-- What you are asked to do --
Report every line of the entries that contains the word "assumes".

____________

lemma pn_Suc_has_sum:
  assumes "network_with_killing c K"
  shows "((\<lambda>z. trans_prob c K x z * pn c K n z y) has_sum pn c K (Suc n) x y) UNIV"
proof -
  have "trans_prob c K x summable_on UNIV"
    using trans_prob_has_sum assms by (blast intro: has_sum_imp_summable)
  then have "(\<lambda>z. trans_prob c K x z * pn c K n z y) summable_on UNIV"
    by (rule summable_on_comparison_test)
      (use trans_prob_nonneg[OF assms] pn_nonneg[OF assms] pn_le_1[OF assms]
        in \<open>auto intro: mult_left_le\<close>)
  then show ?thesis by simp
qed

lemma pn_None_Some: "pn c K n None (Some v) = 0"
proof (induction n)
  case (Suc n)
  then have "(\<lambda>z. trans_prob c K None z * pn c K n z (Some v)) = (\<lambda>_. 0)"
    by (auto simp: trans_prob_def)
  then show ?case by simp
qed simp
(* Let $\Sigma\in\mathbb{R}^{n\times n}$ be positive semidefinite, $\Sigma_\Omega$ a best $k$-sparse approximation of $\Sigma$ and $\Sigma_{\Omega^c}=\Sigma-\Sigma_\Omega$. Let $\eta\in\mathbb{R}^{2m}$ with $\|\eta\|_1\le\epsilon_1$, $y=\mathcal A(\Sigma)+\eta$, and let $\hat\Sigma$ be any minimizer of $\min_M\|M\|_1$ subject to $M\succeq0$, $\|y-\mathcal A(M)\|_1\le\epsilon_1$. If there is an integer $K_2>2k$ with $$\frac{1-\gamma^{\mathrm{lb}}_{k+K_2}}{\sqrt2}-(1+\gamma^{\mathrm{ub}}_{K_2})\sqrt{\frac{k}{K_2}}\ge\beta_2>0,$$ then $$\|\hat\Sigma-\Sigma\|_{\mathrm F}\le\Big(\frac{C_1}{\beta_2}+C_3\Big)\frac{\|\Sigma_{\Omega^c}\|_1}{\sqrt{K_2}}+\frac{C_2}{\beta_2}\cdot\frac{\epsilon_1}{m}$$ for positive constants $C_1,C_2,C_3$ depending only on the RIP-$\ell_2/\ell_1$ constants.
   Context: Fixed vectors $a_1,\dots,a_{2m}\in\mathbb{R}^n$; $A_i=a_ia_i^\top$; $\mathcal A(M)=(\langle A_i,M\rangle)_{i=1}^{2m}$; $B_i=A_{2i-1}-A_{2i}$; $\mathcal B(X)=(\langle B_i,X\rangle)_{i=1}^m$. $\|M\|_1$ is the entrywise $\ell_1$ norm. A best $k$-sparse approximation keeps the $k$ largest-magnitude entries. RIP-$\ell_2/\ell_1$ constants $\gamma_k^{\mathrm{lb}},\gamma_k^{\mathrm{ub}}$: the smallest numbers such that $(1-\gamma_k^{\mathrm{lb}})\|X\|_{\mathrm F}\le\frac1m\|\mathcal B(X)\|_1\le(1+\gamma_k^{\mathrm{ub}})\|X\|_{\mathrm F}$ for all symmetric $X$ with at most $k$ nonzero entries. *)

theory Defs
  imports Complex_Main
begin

____________

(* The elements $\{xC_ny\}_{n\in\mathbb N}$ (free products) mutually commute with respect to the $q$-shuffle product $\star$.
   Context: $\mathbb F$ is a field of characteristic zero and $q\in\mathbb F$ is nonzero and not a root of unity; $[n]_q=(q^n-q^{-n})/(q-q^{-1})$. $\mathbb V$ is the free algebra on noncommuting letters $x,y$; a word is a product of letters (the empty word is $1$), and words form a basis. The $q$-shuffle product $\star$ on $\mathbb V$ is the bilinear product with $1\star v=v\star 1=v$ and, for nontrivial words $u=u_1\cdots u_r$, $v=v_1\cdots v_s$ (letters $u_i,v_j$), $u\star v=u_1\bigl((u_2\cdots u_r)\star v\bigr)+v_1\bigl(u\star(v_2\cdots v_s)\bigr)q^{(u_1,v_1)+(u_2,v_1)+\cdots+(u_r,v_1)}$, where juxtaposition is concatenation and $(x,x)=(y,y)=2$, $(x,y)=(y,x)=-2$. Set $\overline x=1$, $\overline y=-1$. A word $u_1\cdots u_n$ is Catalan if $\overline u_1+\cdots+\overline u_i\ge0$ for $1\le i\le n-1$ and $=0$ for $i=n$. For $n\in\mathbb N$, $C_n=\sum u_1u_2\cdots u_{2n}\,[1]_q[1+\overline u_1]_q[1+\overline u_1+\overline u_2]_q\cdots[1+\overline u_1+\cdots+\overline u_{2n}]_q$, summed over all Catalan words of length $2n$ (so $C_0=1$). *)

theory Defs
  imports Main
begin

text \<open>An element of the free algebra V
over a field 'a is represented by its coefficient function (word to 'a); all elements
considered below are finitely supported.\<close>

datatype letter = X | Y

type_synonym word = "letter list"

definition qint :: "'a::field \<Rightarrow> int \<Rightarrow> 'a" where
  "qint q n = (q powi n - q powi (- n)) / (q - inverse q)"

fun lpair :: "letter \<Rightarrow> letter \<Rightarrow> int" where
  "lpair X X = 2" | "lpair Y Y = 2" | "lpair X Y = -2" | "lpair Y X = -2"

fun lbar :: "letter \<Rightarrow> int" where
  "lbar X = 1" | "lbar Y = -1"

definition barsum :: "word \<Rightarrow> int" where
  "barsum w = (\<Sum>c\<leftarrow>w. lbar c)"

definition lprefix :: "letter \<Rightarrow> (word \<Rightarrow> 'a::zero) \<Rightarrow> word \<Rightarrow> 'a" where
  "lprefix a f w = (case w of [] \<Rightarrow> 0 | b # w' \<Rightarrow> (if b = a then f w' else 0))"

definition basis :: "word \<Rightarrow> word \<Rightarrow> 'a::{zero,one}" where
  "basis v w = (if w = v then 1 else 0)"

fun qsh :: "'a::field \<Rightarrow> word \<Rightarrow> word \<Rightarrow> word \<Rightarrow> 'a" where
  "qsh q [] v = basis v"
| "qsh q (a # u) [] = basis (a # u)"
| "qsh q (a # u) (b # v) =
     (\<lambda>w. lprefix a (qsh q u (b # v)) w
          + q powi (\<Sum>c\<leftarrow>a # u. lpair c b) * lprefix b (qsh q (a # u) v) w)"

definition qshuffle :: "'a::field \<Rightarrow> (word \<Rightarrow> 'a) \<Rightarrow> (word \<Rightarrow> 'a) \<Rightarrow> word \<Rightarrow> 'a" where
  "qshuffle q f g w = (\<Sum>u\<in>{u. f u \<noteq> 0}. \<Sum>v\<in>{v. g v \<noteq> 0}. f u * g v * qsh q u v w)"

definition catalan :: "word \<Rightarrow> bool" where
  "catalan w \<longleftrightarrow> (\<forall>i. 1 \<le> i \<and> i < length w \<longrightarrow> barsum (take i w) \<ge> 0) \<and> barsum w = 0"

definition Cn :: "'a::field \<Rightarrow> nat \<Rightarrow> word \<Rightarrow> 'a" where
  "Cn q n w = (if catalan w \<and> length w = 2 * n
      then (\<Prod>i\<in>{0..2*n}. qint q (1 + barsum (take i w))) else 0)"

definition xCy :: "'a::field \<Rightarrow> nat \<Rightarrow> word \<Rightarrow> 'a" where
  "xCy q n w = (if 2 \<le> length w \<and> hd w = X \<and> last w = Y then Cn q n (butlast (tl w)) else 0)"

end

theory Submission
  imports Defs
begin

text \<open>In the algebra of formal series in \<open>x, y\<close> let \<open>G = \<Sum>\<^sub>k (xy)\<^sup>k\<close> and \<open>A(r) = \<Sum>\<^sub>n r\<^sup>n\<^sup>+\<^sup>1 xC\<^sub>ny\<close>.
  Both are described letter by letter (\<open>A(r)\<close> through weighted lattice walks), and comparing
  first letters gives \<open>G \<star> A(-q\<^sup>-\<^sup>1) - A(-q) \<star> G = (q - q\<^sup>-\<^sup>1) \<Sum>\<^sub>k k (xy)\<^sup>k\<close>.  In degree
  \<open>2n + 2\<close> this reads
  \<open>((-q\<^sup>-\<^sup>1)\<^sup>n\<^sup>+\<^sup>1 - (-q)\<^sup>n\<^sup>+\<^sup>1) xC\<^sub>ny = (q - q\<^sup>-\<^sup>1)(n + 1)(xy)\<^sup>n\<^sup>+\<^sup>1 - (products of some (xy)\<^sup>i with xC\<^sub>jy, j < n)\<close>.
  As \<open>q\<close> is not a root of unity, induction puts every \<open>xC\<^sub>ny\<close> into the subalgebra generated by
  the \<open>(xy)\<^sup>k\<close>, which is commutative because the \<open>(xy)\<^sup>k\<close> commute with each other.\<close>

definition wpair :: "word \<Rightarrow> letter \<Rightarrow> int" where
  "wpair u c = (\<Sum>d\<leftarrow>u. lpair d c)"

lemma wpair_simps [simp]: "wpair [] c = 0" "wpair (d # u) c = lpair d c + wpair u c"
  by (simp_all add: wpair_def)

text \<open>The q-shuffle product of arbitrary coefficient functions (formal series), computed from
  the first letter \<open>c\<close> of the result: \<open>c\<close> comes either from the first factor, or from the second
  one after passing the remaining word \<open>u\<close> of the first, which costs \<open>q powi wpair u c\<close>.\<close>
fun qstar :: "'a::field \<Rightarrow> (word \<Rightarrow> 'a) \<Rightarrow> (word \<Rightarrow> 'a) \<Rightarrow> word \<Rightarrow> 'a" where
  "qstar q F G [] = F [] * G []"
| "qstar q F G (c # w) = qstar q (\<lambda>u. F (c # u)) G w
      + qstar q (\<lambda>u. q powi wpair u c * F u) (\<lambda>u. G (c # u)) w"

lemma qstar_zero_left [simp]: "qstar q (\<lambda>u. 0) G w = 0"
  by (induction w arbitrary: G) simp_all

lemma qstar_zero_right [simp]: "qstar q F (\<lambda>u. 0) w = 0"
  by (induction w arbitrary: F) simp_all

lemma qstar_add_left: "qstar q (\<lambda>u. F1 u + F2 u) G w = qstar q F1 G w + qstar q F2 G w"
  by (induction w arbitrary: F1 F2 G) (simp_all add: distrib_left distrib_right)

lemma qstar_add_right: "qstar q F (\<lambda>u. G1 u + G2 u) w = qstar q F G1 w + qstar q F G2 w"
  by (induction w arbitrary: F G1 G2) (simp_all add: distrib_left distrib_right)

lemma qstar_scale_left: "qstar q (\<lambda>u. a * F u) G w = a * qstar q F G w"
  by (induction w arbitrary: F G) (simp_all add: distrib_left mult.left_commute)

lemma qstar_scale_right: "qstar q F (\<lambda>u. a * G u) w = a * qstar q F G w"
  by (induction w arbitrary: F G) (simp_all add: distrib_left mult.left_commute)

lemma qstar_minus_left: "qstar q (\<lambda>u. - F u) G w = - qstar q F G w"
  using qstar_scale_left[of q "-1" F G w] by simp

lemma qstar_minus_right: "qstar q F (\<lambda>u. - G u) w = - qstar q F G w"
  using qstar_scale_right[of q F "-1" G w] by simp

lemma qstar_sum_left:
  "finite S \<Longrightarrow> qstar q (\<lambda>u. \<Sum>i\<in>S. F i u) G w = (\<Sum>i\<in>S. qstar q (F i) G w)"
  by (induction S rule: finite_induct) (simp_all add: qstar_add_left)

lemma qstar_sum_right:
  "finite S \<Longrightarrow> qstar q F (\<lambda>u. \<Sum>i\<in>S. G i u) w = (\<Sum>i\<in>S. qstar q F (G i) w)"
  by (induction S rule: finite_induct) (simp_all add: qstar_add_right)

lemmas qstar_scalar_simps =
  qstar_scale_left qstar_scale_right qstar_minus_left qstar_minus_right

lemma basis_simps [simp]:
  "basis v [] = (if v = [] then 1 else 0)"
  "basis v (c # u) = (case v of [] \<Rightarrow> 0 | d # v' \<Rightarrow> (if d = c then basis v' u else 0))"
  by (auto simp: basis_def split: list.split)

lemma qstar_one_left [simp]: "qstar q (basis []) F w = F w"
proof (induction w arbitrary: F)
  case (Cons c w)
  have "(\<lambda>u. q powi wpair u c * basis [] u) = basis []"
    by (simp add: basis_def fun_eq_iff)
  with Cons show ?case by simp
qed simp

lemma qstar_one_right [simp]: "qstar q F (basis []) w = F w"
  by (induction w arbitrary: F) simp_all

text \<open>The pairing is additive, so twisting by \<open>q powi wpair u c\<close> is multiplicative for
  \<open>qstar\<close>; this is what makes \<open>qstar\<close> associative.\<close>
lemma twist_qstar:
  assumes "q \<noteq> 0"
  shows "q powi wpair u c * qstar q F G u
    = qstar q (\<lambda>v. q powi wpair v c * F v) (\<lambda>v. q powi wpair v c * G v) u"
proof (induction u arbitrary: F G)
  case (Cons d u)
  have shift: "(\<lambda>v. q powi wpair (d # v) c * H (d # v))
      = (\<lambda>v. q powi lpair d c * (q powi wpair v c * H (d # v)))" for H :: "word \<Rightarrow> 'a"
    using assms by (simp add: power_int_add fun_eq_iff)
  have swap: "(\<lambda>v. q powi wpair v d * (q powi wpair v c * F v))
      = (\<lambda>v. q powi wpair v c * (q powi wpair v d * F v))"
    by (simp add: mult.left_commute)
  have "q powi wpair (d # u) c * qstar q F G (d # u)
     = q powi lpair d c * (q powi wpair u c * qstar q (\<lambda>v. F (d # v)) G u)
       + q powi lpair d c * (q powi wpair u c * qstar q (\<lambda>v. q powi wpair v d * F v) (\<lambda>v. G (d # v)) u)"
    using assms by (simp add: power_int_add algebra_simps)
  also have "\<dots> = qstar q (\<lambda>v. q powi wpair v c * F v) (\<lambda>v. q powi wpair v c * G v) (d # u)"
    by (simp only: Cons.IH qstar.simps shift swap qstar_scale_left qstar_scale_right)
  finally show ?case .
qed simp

____________

-- Task response --
  assumes "network_with_killing c K"
  assumes "q \<noteq> 0"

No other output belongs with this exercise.